# Solve your string tension problems forever in 30 minutes!



## 8stringer (Mar 5, 2012)

Step 1: Tune your guitar, without considering the intervals between the strings to be correct, so that every string has the tension you want it to have.

Step 2: Use a tuner (Guitar Tuner @ HowToTuneAGuitar.org) and write down what notes you have tuned every string to (you may have to correct a quarter note or so to get it in our western note system (12 notes), but that shoulden't affect the tension alot).

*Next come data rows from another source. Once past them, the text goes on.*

(* Let $m\ge1$ be an integer, $0<h\le1$, and $E=(\alpha+i\mu)h^{2m/(m+1)}$ with $\alpha,\mu>0$ independent of $h$. Let \[ \varphi(x)=\int_0^x(E+m^{-1}y^{2m})^{1/2}\,dy, \] where the branch of the square root is chosen to have positive imaginary part, and let \[ f=-h^2\Big(\tfrac34(\varphi')^{-2}(\varphi'')^2-\tfrac12(\varphi')^{-1}\varphi'''\Big). \] Then: (i) There exists $C>0$ independent of $h$ such that \[ |\operatorname{Im}\varphi|\le C\begin{cases}h(1+\log(x/h^{1/2})),& m=1,\\ h,& m\ge2.\end{cases} \] In particular, if $|x|\le Ch^{1/(m+1)}$, then $|\operatorname{Im}\varphi|\le C'$ for some $C'>0$ independent of $h$. (ii) There exists $C>0$ independent of $h$ such that \[ C^{-1}\sqrt{h^{2m/(m+1)}+x^{2m}}\le|\varphi'(x)|\le C\sqrt{h^{2m/(m+1)}+x^{2m}}. \] (iii) $\varphi'=(E+m^{-1}x^{2m})^{1/2}$, $\varphi''=x^{2m-1}(\varphi')^{-1}$, $\varphi'''=\big((1-m^{-1})x^{4m-2}+E(2m-1)x^{2m-2}\big)(\varphi')^{-3}$, and in particular \[ f=-h^2x^{2m-2}\Big(\big(\tfrac14+\tfrac1{2m}\big)x^{2m}-\big(m-\tfrac12\big)E\Big)(\varphi')^{-4}. \] *)

theory Defs
  imports "HOL-Analysis.Analysis"
begin

definition sqrt_pos_im :: "complex \<Rightarrow> complex" where
  "sqrt_pos_im z = (THE w. w ^ 2 = z \<and> Im w > 0)"

definition E_par :: "nat \<Rightarrow> real \<Rightarrow> real \<Rightarrow> real \<Rightarrow> complex" where
  "E_par m \<alpha> \<mu> h = Complex \<alpha> \<mu> * complex_of_real (h powr (2 * real m / (real m + 1)))"

definition phi_integrand :: "nat \<Rightarrow> real \<Rightarrow> real \<Rightarrow> real \<Rightarrow> real \<Rightarrow> complex" where
  "phi_integrand m \<alpha> \<mu> h y =
     sqrt_pos_im (E_par m \<alpha> \<mu> h + complex_of_real (y ^ (2 * m) / real m))"

definition phi :: "nat \<Rightarrow> real \<Rightarrow> real \<Rightarrow> real \<Rightarrow> real \<Rightarrow> complex" where
  "phi m \<alpha> \<mu> h x =
     (if 0 \<le> x then integral {0..x} (phi_integrand m \<alpha> \<mu> h)
      else - integral {x..0} (phi_integrand m \<alpha> \<mu> h))"

definition phi1 :: "nat \<Rightarrow> real \<Rightarrow> real \<Rightarrow> real \<Rightarrow> real \<Rightarrow> complex" where
  "phi1 m \<alpha> \<mu> h x = vector_derivative (phi m \<alpha> \<mu> h) (at x)"

definition phi2 :: "nat \<Rightarrow> real \<Rightarrow> real \<Rightarrow> real \<Rightarrow> real \<Rightarrow> complex" where
  "phi2 m \<alpha> \<mu> h x = vector_derivative (phi1 m \<alpha> \<mu> h) (at x)"

definition phi3 :: "nat \<Rightarrow> real \<Rightarrow> real \<Rightarrow> real \<Rightarrow> real \<Rightarrow> complex" where
  "phi3 m \<alpha> \<mu> h x = vector_derivative (phi2 m \<alpha> \<mu> h) (at x)"

definition f_pot :: "nat \<Rightarrow> real \<Rightarrow> real \<Rightarrow> real \<Rightarrow> real \<Rightarrow> complex" where
  "f_pot m \<alpha> \<mu> h x =
     - complex_of_real (h ^ 2) *
       (3/4 * inverse (phi1 m \<alpha> \<mu> h x ^ 2) * (phi2 m \<alpha> \<mu> h x) ^ 2
        - 1/2 * inverse (phi1 m \<alpha> \<mu> h x) * phi3 m \<alpha> \<mu> h x)"

end

theory Submission
  imports Defs
begin

text \<open>
  Since Im E > 0, the branch of the square root with positive imaginary part is the principal
  branch at w = E + y^(2m)/m, so phi' = csqrt w, and (iii) is the chain and quotient rule
  followed by eliminating phi'^2 = w. With e = h^(2m/(m+1)) one has
  min alpha (1/m) (e + x^(2m)) <= Re w and |w| <= max |alpha + i mu| 1 (e + x^(2m)),
  which gives (ii). For (i), Im (csqrt w) <= Im w / (2 sqrt (Re w)) bounds Im phi'(t) by a
  multiple of e / sqrt (e + t^(2m)). This is dominated by the derivative of
  h log (1 + t / sqrt h) when m = 1 and of h arctan (t / h^(1/(m+1))) when m >= 2; since
  Im phi' is even and nonnegative, comparing antiderivatives on [0, |x|] bounds |Im phi(x)|.
\<close>

section \<open>Complex square roots\<close>

lemma Im_pos_of_square:
  fixes s :: complex
  assumes "s ^ 2 = z" "0 \<le> Re s" "0 < Im z"
  shows "0 < Im s"
proof -
  have "Im z = 2 * Re s * Im s"
    using assms(1) by (auto simp: power2_eq_square)
  with assms(2,3) show ?thesis
    by (auto simp: zero_less_mult_iff)
qed

lemma Im_csqrt_pos: "0 < Im z \<Longrightarrow> 0 < Im (csqrt z)"
  by (rule Im_pos_of_square[OF power2_csqrt Re_csqrt])
(* Let $X,Y$ be spaces and $F\colon\mathcal{K}(X)\to\mathcal{K}(Y)$ a map. Consider the conditions: (1) if $K,L\in\mathcal{K}(X)$ and $K\subset L$, then $F(K)\subset F(L)$; (2) for each $L\in\mathcal{K}(Y)$ there is $K\in\mathcal{K}(X)$ with $L\subset F(K)$; $(2)_c$ for each countable $L\in\mathcal{K}(Y)$ there is $K\in\mathcal{K}(X)$ with $L\subset F(K)$; $(3)_c$ if $U\subset X$ and $V\subset Y$ are non-empty open sets such that for each countable compact $L\subset V$ there is a compact $K\subset U$ with $L\subset F(K)$, then for any open cover $\mathcal{W}$ of $U$ and any $y\in V$ there exist a finite $\mathcal{E}\subset\mathcal{W}$ and a neighborhood $V_y$ of $y$ such that every countable compact $L\subset V_y$ satisfies $L\subset F(K)$ for some compact $K\subset\bigcup\mathcal{E}$. Then: (a) if $F$ satisfies (1) and (2), $X$ is Lindelöf and $Y$ is a $\mu$-complete $q$-space, then $F$ is monotone set tri-quotient; (b) if $X$ is separable metrizable and $Y$ is first countable, then $F$ satisfies $(3)_c$; moreover, in this case, if $F$ also satisfies (1) and $(2)_c$, then $F$ is monotone set tri-quotient.
   Context: All spaces are completely regular. $\mathcal{K}(X)$ is the set of compact subsets of $X$, $\mathcal{T}(X)$ the topology of $X$. $F\colon\mathcal{K}(X)\to 2^Y$ is monotone if $K\subset L$ implies $F(K)\subset F(L)$; it is set tri-quotient if there is $s\colon\mathcal{T}(X)\to\mathcal{T}(Y)$ with: (str1) $s(U)\subset\bigcup\{F(K):K\in\mathcal{K}(X),K\subset U\}$; (str2) $s(X)=Y$; (str3) $U\subset V\Rightarrow s(U)\subset s(V)$; (str4) if $y\in s(U)$ and $\mathcal{W}$ is a cover of $\bigcup\{K\in F^{-1}(y):K\subset U\}$ by open subsets of $X$, then $y\in s(\bigcup\mathcal{E})$ for some finite $\mathcal{E}\subset\mathcal{W}$, where $F^{-1}(y)=\{K\in\mathcal{K}(X):y\in F(K)\}$. $Y$ is $\mu$-complete ($\mu$-space) if every closed bounded subset is compact, where $A$ is bounded if every continuous real function is bounded on $A$. $Y$ is a $q$-space if each $y\in Y$ has a sequence of neighborhoods $U_n$ such that whenever $y_n\in U_n$ for all $n$, $\{y_n\}$ has a cluster point in $Y$. *)

theory Defs
  imports "HOL-Analysis.Analysis"
begin
lemma finite_patterns_with_singleton: "finite (patterns_with r (Suc r) c p [k])"
proof (rule finite_subset[OF _ finite_bounded_patterns])
  show "patterns_with r (Suc r) c p [k] \<subseteq>
      {a. is_pattern r (Suc r) c a \<and> (\<forall>j. \<bar>a (r + 1) j\<bar> \<le> max \<bar>k\<bar> \<bar>c\<bar>)}"
  proof (clarsimp simp: patterns_with_singleton)
    fix a j assume P: "is_pattern r (Suc r) c a"
    consider "j = r" | "j = Suc r" | "j = Suc (Suc r)" | "(Suc r, j) \<notin> pattern_dom r (Suc r)"
      by (fastforce simp: pattern_dom_def)
    then show "\<bar>a (Suc r) j\<bar> \<le> max \<bar>a (Suc r) (Suc r)\<bar> \<bar>c\<bar>"
      using is_pattern_left[OF P, of "Suc r"] is_pattern_right[OF P, of "Suc r"] is_pattern_outside[OF P]
      by cases auto
  qed
qed

definition pattern_weight :: "'a::field \<Rightarrow> nat \<Rightarrow> nat \<Rightarrow> (nat \<Rightarrow> nat \<Rightarrow> int) \<Rightarrow> 'a" where
  "pattern_weight q r n a = of_int (pattern_sgn r n a) * q powi pattern_norm r n a"

definition bottom_bounded_patterns :: "nat \<Rightarrow> int \<Rightarrow> (nat \<Rightarrow> nat \<Rightarrow> int) set" where
  "bottom_bounded_patterns r c =
    {b. is_pattern r (Suc r) c b \<and> 0 \<le> b (Suc r) (Suc r) \<and> b (Suc r) (Suc r) \<le> c}"

lemma Fq_singleton:
  "Fq q r (Suc r) c p [k] =
    q powi (- k) * sum (pattern_weight q r (Suc r)) (patterns_with r (Suc r) c p [k])"
  by (simp add: Fq_def pattern_weight_def)

lemma Gq_Suc_eq_sum_bottom_bounded:
  fixes q :: "'a::field"
  assumes "q \<noteq> 0"
  shows "Gq q (Suc r) c p = sum (pattern_weight q r (Suc r))
    {b \<in> bottom_bounded_patterns r c. card {j \<in> {1..Suc r}. odd (b 1 j)} = p}"
proof -
  have "Fq q r (Suc r) c p [k] * q powi k =
      sum (pattern_weight q r (Suc r)) (patterns_with r (Suc r) c p [k])" for k
  proof -
    have "q powi (- k) * q powi k = 1"
      using assms by (simp flip: power_int_add)
    then show ?thesis unfolding Fq_singleton by (metis mult.commute mult.left_commute mult_1_right)
  qed
  then have "Gq q (Suc r) c p =
      (\<Sum>k\<in>{0..c}. sum (pattern_weight q r (Suc r)) (patterns_with r (Suc r) c p [k]))"
    unfolding Gq_def by simp
  also have "\<dots> = sum (pattern_weight q r (Suc r)) (\<Union>k\<in>{0..c}. patterns_with r (Suc r) c p [k])"
    by (rule sum.UNION_disjoint[symmetric])
      (simp_all add: finite_patterns_with_singleton, auto simp: patterns_with_singleton)
  also have "(\<Union>k\<in>{0..c}. patterns_with r (Suc r) c p [k]) =
      {b \<in> bottom_bounded_patterns r c. card {j \<in> {1..Suc r}. odd (b 1 j)} = p}"
    by (auto simp: patterns_with_singleton bottom_bounded_patterns_def)
  finally show ?thesis .
qed

section \<open>The diagonal of an \<open>(n-1,n)\<close>-pattern\<close>

lemma diagonal_interlaces:
  assumes P: "is_pattern (n - 1) n c a" and "1 \<le> i" "i < n"
  shows "interlaces 0 (a (Suc i) (Suc i)) (a i i)"
proof -
  have "interlaces (a (Suc i) i) (a (Suc i) (i + 1)) (a (Suc i - 1) i)"
    by (rule is_pattern_interlaces[OF P]) (use assms in auto)
  moreover have "a (Suc i) (Suc i - 1) = 0"
    by (rule is_pattern_left[OF P]) (use assms in auto)
  ultimately show ?thesis by simp
qed

lemma superdiagonal_interlaces:
  assumes P: "is_pattern (n - 1) n c a" and "1 \<le> i" "i < n"
  shows "interlaces (a (Suc i) (Suc i)) (a (Suc i) (Suc (Suc i))) (a i (Suc i))"
proof -
  have "interlaces (a (Suc i) (Suc i)) (a (Suc i) (Suc i + 1)) (a (Suc i - 1) (Suc i))"
    by (rule is_pattern_interlaces[OF P]) (use assms in auto)
  then show ?thesis by simp
qed

lemma diagonal_nonneg_mono:
  assumes P: "is_pattern (n - 1) n c a" and nonneg: "0 \<le> a n n" and "1 \<le> i" "i \<le> j" "j \<le> n"
  shows "0 \<le> a i i \<and> a i i \<le> a j j"
proof -
  have "i \<le> n" using assms by simp
  then have "\<forall>j. i \<le> j \<and> j \<le> n \<longrightarrow> 0 \<le> a i i \<and> a i i \<le> a j j" using \<open>1 \<le> i\<close>
  proof (induction rule: inc_induct)
    case base
    then show ?case using nonneg by auto
  next
    case (step i)
    have IH: "0 \<le> a (Suc i) (Suc i)" "\<And>j. Suc i \<le> j \<Longrightarrow> j \<le> n \<Longrightarrow> a (Suc i) (Suc i) \<le> a j j"
      using step by auto
    moreover have "interlaces 0 (a (Suc i) (Suc i)) (a i i)"
      using diagonal_interlaces[OF P] step by simp
    ultimately have nonneg: "0 \<le> a i i" and rise: "a i i \<le> a (Suc i) (Suc i)"
      by (auto simp: interlaces_def)
    show ?case
    proof (intro allI impI)
      fix j assume "i \<le> j \<and> j \<le> n"
      then consider "j = i" | "Suc i \<le> j" "j \<le> n" by linarith
      then show "0 \<le> a i i \<and> a i i \<le> a j j"
        by cases (use IH(2) nonneg rise in force)+
    qed
  qed
  then show ?thesis using assms by blast
qed
theorem theorem1p2:
  fixes \<theta> :: real and a b c d :: complex
  assumes "mk2 a b c d \<in> SL2C"
    and "discrete_group (gen_group {mk2 (exp (\<i> * \<theta>)) 0 0 (exp (- \<i> * \<theta>)), mk2 a b c d})"
    and "\<not> elementary (gen_group {mk2 (exp (\<i> * \<theta>)) 0 0 (exp (- \<i> * \<theta>)), mk2 a b c d})"
  shows "(INF t\<in>{t. cmod t < 1}. 4 * fthm a b c d t * (sin \<theta>)\<^sup>2) \<ge> 1"
proof (rule cINF_greatest)
  define l where "l = exp (\<i> * \<theta>)"
  have cnj_l: "cnj l = exp (- \<i> * \<theta>)" unfolding l_def by (simp add: exp_cnj)
  have "l * cnj l = 1" unfolding cnj_l unfolding l_def by (simp flip: exp_add)
  have "normsq (l - cnj l) = 4 * (sin \<theta>)\<^sup>2"
    unfolding l_def normsq_def cmod_power2 by (simp add: Re_exp Im_exp power2_eq_square)
  have "a*d - b*c = 1" using assms(1) by (simp add: SL2C_iff)
  have disc: "discrete_group (gen_group {mk2 l 0 0 (cnj l), mk2 a b c d})"
    using assms(2) unfolding cnj_l unfolding l_def .
  have nonelem: "\<not> elementary (gen_group {mk2 l 0 0 (cnj l), mk2 a b c d})"
    using assms(3) unfolding cnj_l unfolding l_def .
  fix t :: complex assume "t \<in> {t. cmod t < 1}"
  define K where "K = (1 - t) / (1 + t)"
  have "K \<noteq> 0" using \<open>t \<in> _\<close> by (auto simp: K_def add_eq_0_iff)
  have "4 \<le> normsq (l - cnj l) * (normsq a + normsq (b * K) + normsq (c / K) + normsq d + 2)"
    by (rule jorgensen_inequality_diagonal[OF \<open>l * cnj l = 1\<close> \<open>a*d - b*c = 1\<close> \<open>K \<noteq> 0\<close> disc nonelem])
  also have "\<dots> \<le> normsq (l - cnj l) * (4 * fthm a b c d t)"
    using jorgensen_sum_le_fthm[of t a d b c] \<open>t \<in> _\<close> \<open>a*d - b*c = 1\<close>
    by (intro mult_left_mono) (simp_all add: K_def)
  finally show "1 \<le> 4 * fthm a b c d t * (sin \<theta>)\<^sup>2"
    unfolding \<open>normsq (l - cnj l) = _\<close> by simp
qed (auto intro!: exI[where x = 0])

end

Step 3: Use a string tension calc (String Guage and Tension Calculator - Version 0.1.4 - 26 apr 1998) and input your notes, scale length and gauges and you will have your own perfect tension profile, now change the notes to standard tuning or whatever you want and correct the gauges so that it matches the previous tension profile.

Step 4: Buy your strings in a set or one by one.

Done!


----------



## Razzy (Mar 5, 2012)

This is actually not a bad idea.


----------



## vansinn (Mar 5, 2012)

I agree. I've used this method for determining the two low strings on my 8'er and the low B on my bass.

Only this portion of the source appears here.